Rosa M. Towne (1827-1909) painted these illustrations between 1888 and 1898, including all the plants mentioned by Shakespeare in his plays and long poems. In an introductory note to the collection, she wrote that she decided to do the paintings using “living plants and trees” as models as much as possible. She accompanies each painting with a quote from Shakespeare in which it is mentioned.

The collection included 73 paintings of 182 plants, botanically accurate and mostly depicted either in bloom, or with berries or other fruits. When Shakespeare described several plants in one sentence, she painted those two or three plants in one painting, artfully put together but separated enough to appreciate the beauty of each. She also sometimes grouped plants from different parts together, such as holly and mistletoe, in this case perhaps because they are both evergreen and associated with Christmas.


(1) Holly.
As you like it, Act II, sc. 7.
(2) Mistletoe.
Titus Andronicus, Act II. sc. 3.
Artwork by Rosa M. Towne and photography by Edward Tabor

Schultes was so impressed with the collection that he decided to seek out a publisher to make high quality reproductions which could be bound like a book. Over the next several years, Schultes informed me of his search for a suitable publisher, a search that took much longer than expected. He often met editors on business or pleasure trips, including trips to the UK where he was most hopeful of finding a suitable editor, but he couldn’t find one who could answer. to the high quality standards he felt these paintings deserved. .

Finally, he found a printmaking company in Louisville, Kentucky, which, on trial, was able to produce beautiful reproductions on heavyweight, artistic-grade paper. Even after the editor’s selection, production was laborious and lasted for several years. In 1974 a limited edition of 2,500 copies was published under the title Knowledge of Shakespeare’s plants. Several hundred copies were provided to the Botanical Museum for sale in its gift shop, along with individual unbound pages to be sold as works of art. The proceeds from these sales set up a fund to purchase books for the museum library.

Schultes invited me to the book’s publication party in 1974 at the Pennsylvania Academy of Fine Arts, where Rosa Towne had once enrolled as a mature student. At the publication party, I saw the book published for the first time. It was a large, leather-bound, 15-inch-long folio edition, a format unusual in modern times, even for art books. But a folio was particularly appropriate for a publication related to Shakespeare, since the so-called “First folio” of his plays contained many works for which no other copy has survived. So just as Shakespeare’s folio preserved his pieces, the folio of Towne’s paintings saved them from obscurity, ensuring their availability for future generations.

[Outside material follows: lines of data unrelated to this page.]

text \<open>Row \<open>i - 1\<close>, obtained by solving the source-free interior equation of row \<open>i\<close>, from
  row \<open>i\<close> (argument \<open>a\<close>) and row \<open>i + 1\<close> (argument \<open>b\<close>). Accordingly \<open>sweep h N a m\<close> is
  the pair of rows \<open>M - 1 - m\<close> and \<open>M - m\<close> when \<open>a\<close> is row \<open>M - 1\<close>; row \<open>M\<close> lies on the
  boundary and vanishes.\<close>

definition sweep_step ::
  "real \<Rightarrow> nat \<Rightarrow> (nat \<Rightarrow> real poly) \<Rightarrow> (nat \<Rightarrow> real poly) \<Rightarrow> nat \<Rightarrow> real poly" where
  "sweep_step h N a b j = (if 1 \<le> j \<and> j \<le> N - 1
     then smult (h\<^sup>2) (pderiv (a j)) + smult 4 (a j) - b j - a (j + 1) - a (j - 1) else 0)"

primrec sweep ::
  "real \<Rightarrow> nat \<Rightarrow> (nat \<Rightarrow> real poly) \<Rightarrow> nat \<Rightarrow> (nat \<Rightarrow> real poly) \<times> (nat \<Rightarrow> real poly)" where
  "sweep h N a 0 = (a, \<lambda>j. 0)"
| "sweep h N a (Suc m) =
     (sweep_step h N (fst (sweep h N a m)) (snd (sweep h N a m)), fst (sweep h N a m))"

lemma sweep_linear:
  "sweep h N (\<lambda>j. smult \<alpha> (a j) + smult \<beta> (b j)) m =
   ((\<lambda>j. smult \<alpha> (fst (sweep h N a m) j) + smult \<beta> (fst (sweep h N b m) j)),
    (\<lambda>j. smult \<alpha> (snd (sweep h N a m) j) + smult \<beta> (snd (sweep h N b m) j)))"
proof (induction m)
  case 0
  then show ?case by simp
next
  case (Suc m)
  show ?case
    by (simp add: Suc sweep_step_def pderiv_add pderiv_smult smult_add_right smult_diff_right
        smult_smult fun_eq_iff)
       (simp add: algebra_simps smult_add_right smult_diff_right smult_smult)
qed

lemma sweep_zero: "sweep h N (\<lambda>j. 0) m = (\<lambda>j. 0, \<lambda>j. 0)"
  by (induction m) (simp_all add: sweep_step_def fun_eq_iff)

(1) Blackberries. (2) Cherries.
Venus and Adonis
Artwork by Rosa M. Towne and photography by Edward Tabor

The discovery of Rosa Towne’s paintings by Oakes Ames, and their rediscovery and publication in book form by Schultes, were also important cultural rescues for the future of Shakespeare’s studies. The book shows the breadth of Shakespeare’s botanical knowledge, provides a compendium of the 182 plants we know Shakespeare was familiar with, and lists their common and scientific names. It provided, for the first time, a unique collection of botanically accurate paintings that would help researchers and critics visualize exactly what Shakespeare had in mind when he mentioned a plant or when a plant played a key role in it. action of one of its parts, like the poison of vegetable origin used by Hamlet’s uncle to kill Hamlet’s father, the king.

I wish I had owned a copy of Knowledge of Shakespeare’s plants, but at the time, it was selling for $ 1,000 ($ 5,200 in 2021 dollars), and that was way beyond what I could afford. Several years later, I had to express this wish to Schultes, and he offered to make a copy available to me if I made a cash donation to the Museum. Before he sent me the book, I asked him to write it down. Its inscription, dated September 16, 1981, read: “Shakespeare means a lot of things to a lot of people. The lover of plants finds him in many ways a worshiper of nature.